Raising the softirq from anonymous (hardirq context) is not ideal for
the reasons I stated below.

> > Prior that, raising softirq from hardirq would wake ksoftirqd which in
> > turn would collect all pending softirqs. As a consequence all following
> > softirqs (networking, …) would run as SCHED_OTHER and compete with
> > SCHED_OTHER tasks for resources. Not good because the networking work is
> > no longer processed within the networking interrupt thread. Also not a
> > DDoS kind of situation where one could want to delay processing.
> >
> > With that change, this isn't the case anymore. Only an "unrelated" IRQ
> > thread could pick up the networking work which is less then ideal. That
> > is because the global softirq set is added, ksoftirq is marked for a
> > wakeup and could be delayed because other tasks are busy. Then the disk
> > interrupt (for instance) could pick it up as part of its threaded
> > interrupt.
> >
> > Now that I think about, we could make the backlog pseudo device a
> > thread.
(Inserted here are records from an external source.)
(* Let $T$ be a triangulation of the oriented 2-sphere (a simplicial complex), $R$ its vertex–edge incidence matrix ($R_{v,e}=1$ if $v\in e$, else $0$), and $E$ the edge–edge matrix defined below. Then $R\cdot E=0$.
   Context: $E=(E_{e,e'})_{e,e'\in\mathcal E(T)}$: if $e\neq e'$ lie in a common face whose edges in positive cyclic order are $\{a,b\},\{b,c\},\{c,a\}$, then $E_{e,e'}=-1$ if $e'$ immediately follows $e$ and $+1$ if $e'$ immediately precedes $e$; otherwise $E_{e,e'}=0$. *)

theory Defs
  imports "HOL-Analysis.Analysis"
begin

definition simplicial_complex :: "'v set set \<Rightarrow> bool" where
  "simplicial_complex K \<longleftrightarrow> K \<noteq> {} \<and>
     (\<forall>\<sigma>\<in>K. \<sigma> \<noteq> {} \<and> finite \<sigma> \<and> (\<forall>\<tau>. \<tau> \<subseteq> \<sigma> \<and> \<tau> \<noteq> {} \<longrightarrow> \<tau> \<in> K))"

definition vertices_of :: "'v set set \<Rightarrow> 'v set" where
  "vertices_of K = \<Union>K"

definition edges_of :: "'v set set \<Rightarrow> 'v set set" where
  "edges_of K = {\<sigma>\<in>K. card \<sigma> = 2}"

definition faces_of :: "'v set set \<Rightarrow> 'v set set" where
  "faces_of K = {\<sigma>\<in>K. card \<sigma> = 3}"

definition realization :: "('v::finite) set set \<Rightarrow> (real ^ 'v) set" where
  "realization K = (\<Union>\<sigma>\<in>K. convex hull ((\<lambda>v. axis v 1) ` \<sigma>))"

definition sphere_triangulation :: "('v::finite) set set \<Rightarrow> bool" where
  "sphere_triangulation K \<longleftrightarrow> simplicial_complex K \<and>
     realization K homeomorphic sphere (0::real^3) 1"

text \<open>An orientation: for every face F, \<open>nx F\<close> is the successor map of the positive
  cyclic order of F (a fixed-point free permutation of the 3-set F, i.e. a 3-cycle);
  coherence (orientation of the sphere): every oriented edge (a,b) of T occurs, as
  a successor pair, in exactly one face.\<close>
definition oriented :: "'v set set \<Rightarrow> ('v set \<Rightarrow> 'v \<Rightarrow> 'v) \<Rightarrow> bool" where
  "oriented K nx \<longleftrightarrow>
     (\<forall>F\<in>faces_of K. nx F ` F \<subseteq> F \<and> inj_on (nx F) F \<and> (\<forall>a\<in>F. nx F a \<noteq> a)) \<and>
     (\<forall>a b. {a, b} \<in> edges_of K \<and> a \<noteq> b \<longrightarrow> (\<exists>!F. F \<in> faces_of K \<and> a \<in> F \<and> nx F a = b))"

definition incR :: "'v \<Rightarrow> 'v set \<Rightarrow> int" where
  "incR v e = (if v \<in> e then 1 else 0)"

text \<open>In a face with positive cyclic order a, b, c the edges in
  positive cyclic order are {a,b},{b,c},{c,a}; e' immediately follows e if
  e = {a, nx a} and e' = {nx a, nx (nx a)}; e' immediately precedes e if
  e = {a, nx a} and e' = {nx (nx a), a}.\<close>
definition edgeE :: "'v set set \<Rightarrow> ('v set \<Rightarrow> 'v \<Rightarrow> 'v) \<Rightarrow> 'v set \<Rightarrow> 'v set \<Rightarrow> int" where
  "edgeE K nx e e' =
     (if e \<noteq> e' \<and> (\<exists>F\<in>faces_of K. \<exists>a\<in>F. e = {a, nx F a} \<and> e' = {nx F a, nx F (nx F a)})
      then -1
      else if e \<noteq> e' \<and> (\<exists>F\<in>faces_of K. \<exists>a\<in>F. e = {a, nx F a} \<and> e' = {nx F (nx F a), a})
      then 1 else 0)"

end

theory Submission
  imports Defs
begin

text \<open>Only the combinatorics of the orientation enters: for an edge \<open>e' = {x, y}\<close>, the oriented
  edges \<open>(x, y)\<close> and \<open>(y, x)\<close> lie in the positively oriented faces \<open>{x, y, z}\<close> and
  \<open>{y, x, w}\<close> with \<open>z \<noteq> w\<close>. The column of \<open>E\<close> at \<open>e'\<close> is therefore \<open>-1\<close> at \<open>{z, x}\<close> and
  \<open>{w, y}\<close>, \<open>+1\<close> at \<open>{y, z}\<close> and \<open>{x, w}\<close>, and \<open>0\<close> elsewhere; each of \<open>x, y, z, w\<close> lies in
  exactly one edge of either sign, so every row of \<open>R\<close> annihilates this column.\<close>

lemma fixpoint_free_permutation_of_3_set:
  assumes "card F = 3" "f ` F \<subseteq> F" "inj_on f F" "\<forall>a\<in>F. f a \<noteq> a" "a \<in> F"
  shows "f a \<noteq> a" "f (f a) \<noteq> a" "f (f a) \<noteq> f a"
    and "F = {a, f a, f (f a)}" "f (f (f a)) = a"
proof -
  have fin: "finite F" using assms(1) card.infinite by fastforce
  have fa: "f a \<in> F" "f a \<noteq> a" and ffa: "f (f a) \<in> F" "f (f a) \<noteq> f a"
    using assms by auto
  have three_elements: "F = {a, b, c}" if "b \<in> F" "c \<in> F" "card {a, b, c} = 3" for b c
    using that fin assms(1,5) by (metis card_subset_eq empty_subsetI insert_subset)
  have ffa_ne: "f (f a) \<noteq> a"
  proof
    assume ffa_a: "f (f a) = a"
    have "card {a, f a} = 2" using fa by simp
    then have "{a, f a} \<noteq> F" using assms(1) by auto
    then obtain c where c: "c \<in> F" "c \<notin> {a, f a}" using assms(5) fa by blast
    have "card {a, f a, c} = 3" using fa c by auto
    then have "F = {a, f a, c}" using three_elements fa(1) c(1) by simp
    moreover have "f c \<in> F" "f c \<noteq> c" using assms c by auto
    moreover have "f c \<noteq> f a" "f c \<noteq> a"
      using assms(3,5) c fa ffa_a by (metis inj_on_def insertCI)+
    ultimately show False by auto
  qed
  have F: "F = {a, f a, f (f a)}" using three_elements fa ffa ffa_ne by simp
  have "f (f (f a)) \<in> F" "f (f (f a)) \<noteq> f (f a)" using assms ffa by auto
  moreover have "f (f (f a)) \<noteq> f a" using assms(3,5) fa ffa ffa_ne by (metis inj_on_def)
  ultimately have "f (f (f a)) = a" using F by auto
  then show "f a \<noteq> a" "f (f a) \<noteq> a" "f (f a) \<noteq> f a" "F = {a, f a, f (f a)}" "f (f (f a)) = a"
    using fa ffa ffa_ne F by auto
qed

locale oriented_complex =
  fixes K :: "'v set set" and nx :: "'v set \<Rightarrow> 'v \<Rightarrow> 'v"
  assumes complex: "simplicial_complex K"
    and orientation: "oriented K nx"
begin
NAPI threading enables one thread but here we would need one
> > thread per-CPU. So it would remain kind of special. But we would avoid
> > clobbering the global state and delay everything to ksoftird. Processing
> > it in ksoftirqd might not be ideal from performance point of view.
>
> Before sending this to the ML, I talked to Paolo about using NAPI
> thread. He explained that it is implemented per interface. For example,
> for this specific case, it happened on the loopback interface, which
> doesn't implement NAPI. I am cc'ing him, so the can correct me if I am
> saying something wrong.

It is per NAPI-queue/instance and you could have multiple instances per
interface. However loopback has one and you need per-CPU threads if you
want to RPS your skbs to any CPU.

We could just remove the warning but then your RPS processes the skbs in
SCHED_OTHER. This might not be what you want. Maybe Paolo has a better
idea.

> > > Cheers,
> > > Wander

Sebastian